(* Let $s>-1$. For every $\varepsilon>0$ there exists $R>0$ such that $$\sup_{n\in\mathbb N}\int_R^{+\infty}K^{(n,s)}(x,x)\,dx<\varepsilon .$$
   Context: For $s>-1$ and $n\in\mathbb N$, let $L^{(s,n)}\subset L_2((0,+\infty),dx)$ be the $n$-dimensional subspace spanned by the functions $$x\mapsto \frac{1}{(n^2x+1)^{s/2+1}}\left(\frac{n^2x-1}{n^2x+1}\right)^{l},\qquad l=0,1,\dots,n-1,$$ and let $K^{(n,s)}(x,y)$ be the (continuous) kernel of the orthogonal projection of $L_2((0,+\infty),dx)$ onto $L^{(s,n)}$; thus $K^{(n,s)}(x,x)=\sum_{l}|e_l(x)|^2$ for any orthonormal basis $(e_l)$ of $L^{(s,n)}$. Equivalently, $K^{(n,s)}(x,y)=n^2\hat K_n^{(s)}(n^2x,n^2y)$, where $\hat K_n^{(s)}$ is the Christoffel–Darboux kernel of the Jacobi polynomials for the weight $(1-u)^s$ on $[-1,1]$ transported by the change of variable $u=(\lambda-1)/(\lambda+1)$. *)

theory Defs
  imports "HOL-Analysis.Analysis"
begin

definition basis_fun :: "nat \<Rightarrow> real \<Rightarrow> nat \<Rightarrow> real \<Rightarrow> real" where
  "basis_fun n s l x =
     ((real n)^2 * x + 1) powr (-(s/2 + 1)) * (((real n)^2 * x - 1) / ((real n)^2 * x + 1)) ^ l"

text \<open>e_0,...,e_{n-1} is an orthonormal family in L_2((0,+inf)) lying in L^(s,n)
  (hence, by dimension count, an orthonormal basis of L^(s,n)).\<close>
definition is_onb :: "nat \<Rightarrow> real \<Rightarrow> (nat \<Rightarrow> real \<Rightarrow> real) \<Rightarrow> bool" where
  "is_onb n s e \<longleftrightarrow>
     (\<forall>i<n. \<exists>c :: nat \<Rightarrow> real. \<forall>x>0. e i x = (\<Sum>l<n. c l * basis_fun n s l x)) \<and>
     (\<forall>i<n. \<forall>j<n. set_integrable lborel {0<..} (\<lambda>x. e i x * e j x) \<and>
        (LINT x:{0<..}|lborel. e i x * e j x) = (if i = j then 1 else 0))"

text \<open>Diagonal of the projection kernel: K^(n,s)(x,x) = sum_l |e_l(x)|^2.\<close>
definition Kdiag :: "nat \<Rightarrow> real \<Rightarrow> real \<Rightarrow> real" where
  "Kdiag n s x = (let e = (SOME e. is_onb n s e) in \<Sum>l<n. (e l x)^2)"

end

theory Submission
  imports Defs "HOL-Computational_Algebra.Polynomial" "HOL-Real_Asymp.Real_Asymp"
begin

text \<open>In the variable t = 1/(n^2 x + 1) the space L^(s,n) consists of the functions
  (n^2 x + 1)^(-(s/2+1)) q(t) with deg q < n, and the shifted Jacobi polynomials P_k, orthogonal
  for t^s dt on [0,1], give an explicit orthonormal basis J_k of it (orthogonality is a
  computation with alternating binomial sums). Whatever orthonormal basis defines the kernel,
  Bessel's inequality bounds K^(n,s)(x,x) by the sum of the J_k(x)^2. For x \<ge> 1 and k < n
  we have k^2 t \<le> 1, where |P_k(t)| \<le> E (s+1)_k; together with
  sum_{k<n} (2k+s+1) ((s+1)_k/k!)^2 = O(n^(2s+2)) (Gauss's product for Gamma) this yields
  K^(n,s)(x,x) \<le> C x^(-(s+2)) uniformly in n, so the tail integrals are at most
  C R^(-(s+1))/(s+1).\<close>

section \<open>Alternating binomial sums\<close>

lemma alternating_binomial_sum_Suc:
  fixes f :: "nat \<Rightarrow> real"
  shows "(\<Sum>b\<le>Suc k. real (Suc k choose b) * (-1)^b * f b) =
         (\<Sum>b\<le>k. real (k choose b) * (-1)^b * (f b - f (Suc b)))"
proof -
  have "(\<Sum>b\<le>Suc k. real (Suc k choose b) * (-1)^b * f b) =
        (\<Sum>b\<le>Suc k. real (k choose b) * (-1)^b * f b) +
        (\<Sum>b\<le>Suc k. (if b = 0 then 0 else real (k choose (b - 1))) * (-1)^b * f b)"
    by (subst sum.distrib[symmetric], rule sum.cong)
       (auto simp: algebra_simps gr0_conv_Suc)
  also have "(\<Sum>b\<le>Suc k. real (k choose b) * (-1)^b * f b) =
             (\<Sum>b\<le>k. real (k choose b) * (-1)^b * f b)"
    by simp
  also have "(\<Sum>b\<le>Suc k. (if b = 0 then 0 else real (k choose (b - 1))) * (-1)^b * f b) =
             (\<Sum>b\<le>k. real (k choose b) * (-1)^(Suc b) * f (Suc b))"
    by (subst sum.atMost_Suc_shift) simp
  finally show ?thesis
    by (simp add: sum_subtractf[symmetric] algebra_simps sum.distrib[symmetric])
qed

lemma degree_diff_pcompose_shift_less:
  fixes q :: "'a::idom poly"
  assumes "degree q > 0"
  shows "degree (q - pcompose q [:1, 1:]) < degree q"
proof -
  let ?d = "q - pcompose q [:1, 1:]"
  have "degree (pcompose q [:1, 1:]) = degree q" by (simp add: degree_pcompose)
  then have "degree ?d \<le> degree q" by (metis degree_diff_le le_refl)
  moreover have "lead_coeff (pcompose q [:1, 1:]) = lead_coeff q"
    by (simp add: lead_coeff_comp)
  then have "coeff ?d (degree q) = 0"
    using \<open>degree (pcompose q [:1, 1:]) = degree q\<close> by simp
  ultimately show ?thesis
    by (metis assms le_neq_implies_less leading_coeff_0_iff degree_0)
qed

lemma alternating_binomial_sum_poly:
  fixes q :: "real poly"
  assumes "degree q < k"
  shows "(\<Sum>b\<le>k. real (k choose b) * (-1)^b * poly q (real b)) = 0"
  using assms
proof (induction k arbitrary: q)
  case 0
  then show ?case by simp
next
  case (Suc k)
  let ?d = "q - pcompose q [:1, 1:]"
  have "(\<Sum>b\<le>Suc k. real (Suc k choose b) * (-1)^b * poly q (real b)) =
        (\<Sum>b\<le>k. real (k choose b) * (-1)^b * poly ?d (real b))"
    by (subst alternating_binomial_sum_Suc) (simp add: poly_pcompose algebra_simps)
  also have "\<dots> = 0"
  proof (cases "degree q = 0")
    case True
    then obtain c where "q = [:c:]" by (metis degree_eq_zeroE)
    then show ?thesis by (simp add: pcompose_pCons)
  next
    case False
    then have "degree ?d < k"
      using degree_diff_pcompose_shift_less[of q] Suc.prems by simp
    then show ?thesis by (rule Suc.IH)
  qed
  finally show ?case .
qed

-=-=-=-=-

Copy the records above exactly, beginning at the line that contains "((real n)^2 * x + 1) powr" and stopping after the line that contains "we have k^2".

     ((real n)^2 * x + 1) powr (-(s/2 + 1)) * (((real n)^2 * x - 1) / ((real n)^2 * x + 1)) ^ l"

text \<open>e_0,...,e_{n-1} is an orthonormal family in L_2((0,+inf)) lying in L^(s,n)
  (hence, by dimension count, an orthonormal basis of L^(s,n)).\<close>
definition is_onb :: "nat \<Rightarrow> real \<Rightarrow> (nat \<Rightarrow> real \<Rightarrow> real) \<Rightarrow> bool" where
  "is_onb n s e \<longleftrightarrow>
     (\<forall>i<n. \<exists>c :: nat \<Rightarrow> real. \<forall>x>0. e i x = (\<Sum>l<n. c l * basis_fun n s l x)) \<and>
     (\<forall>i<n. \<forall>j<n. set_integrable lborel {0<..} (\<lambda>x. e i x * e j x) \<and>
        (LINT x:{0<..}|lborel. e i x * e j x) = (if i = j then 1 else 0))"

text \<open>Diagonal of the projection kernel: K^(n,s)(x,x) = sum_l |e_l(x)|^2.\<close>
definition Kdiag :: "nat \<Rightarrow> real \<Rightarrow> real \<Rightarrow> real" where
  "Kdiag n s x = (let e = (SOME e. is_onb n s e) in \<Sum>l<n. (e l x)^2)"

end

theory Submission
  imports Defs "HOL-Computational_Algebra.Polynomial" "HOL-Real_Asymp.Real_Asymp"
begin

text \<open>In the variable t = 1/(n^2 x + 1) the space L^(s,n) consists of the functions
  (n^2 x + 1)^(-(s/2+1)) q(t) with deg q < n, and the shifted Jacobi polynomials P_k, orthogonal
  for t^s dt on [0,1], give an explicit orthonormal basis J_k of it (orthogonality is a
  computation with alternating binomial sums). Whatever orthonormal basis defines the kernel,
  Bessel's inequality bounds K^(n,s)(x,x) by the sum of the J_k(x)^2. For x \<ge> 1 and k < n
  we have k^2 t \<le> 1, where |P_k(t)| \<le> E (s+1)_k; together with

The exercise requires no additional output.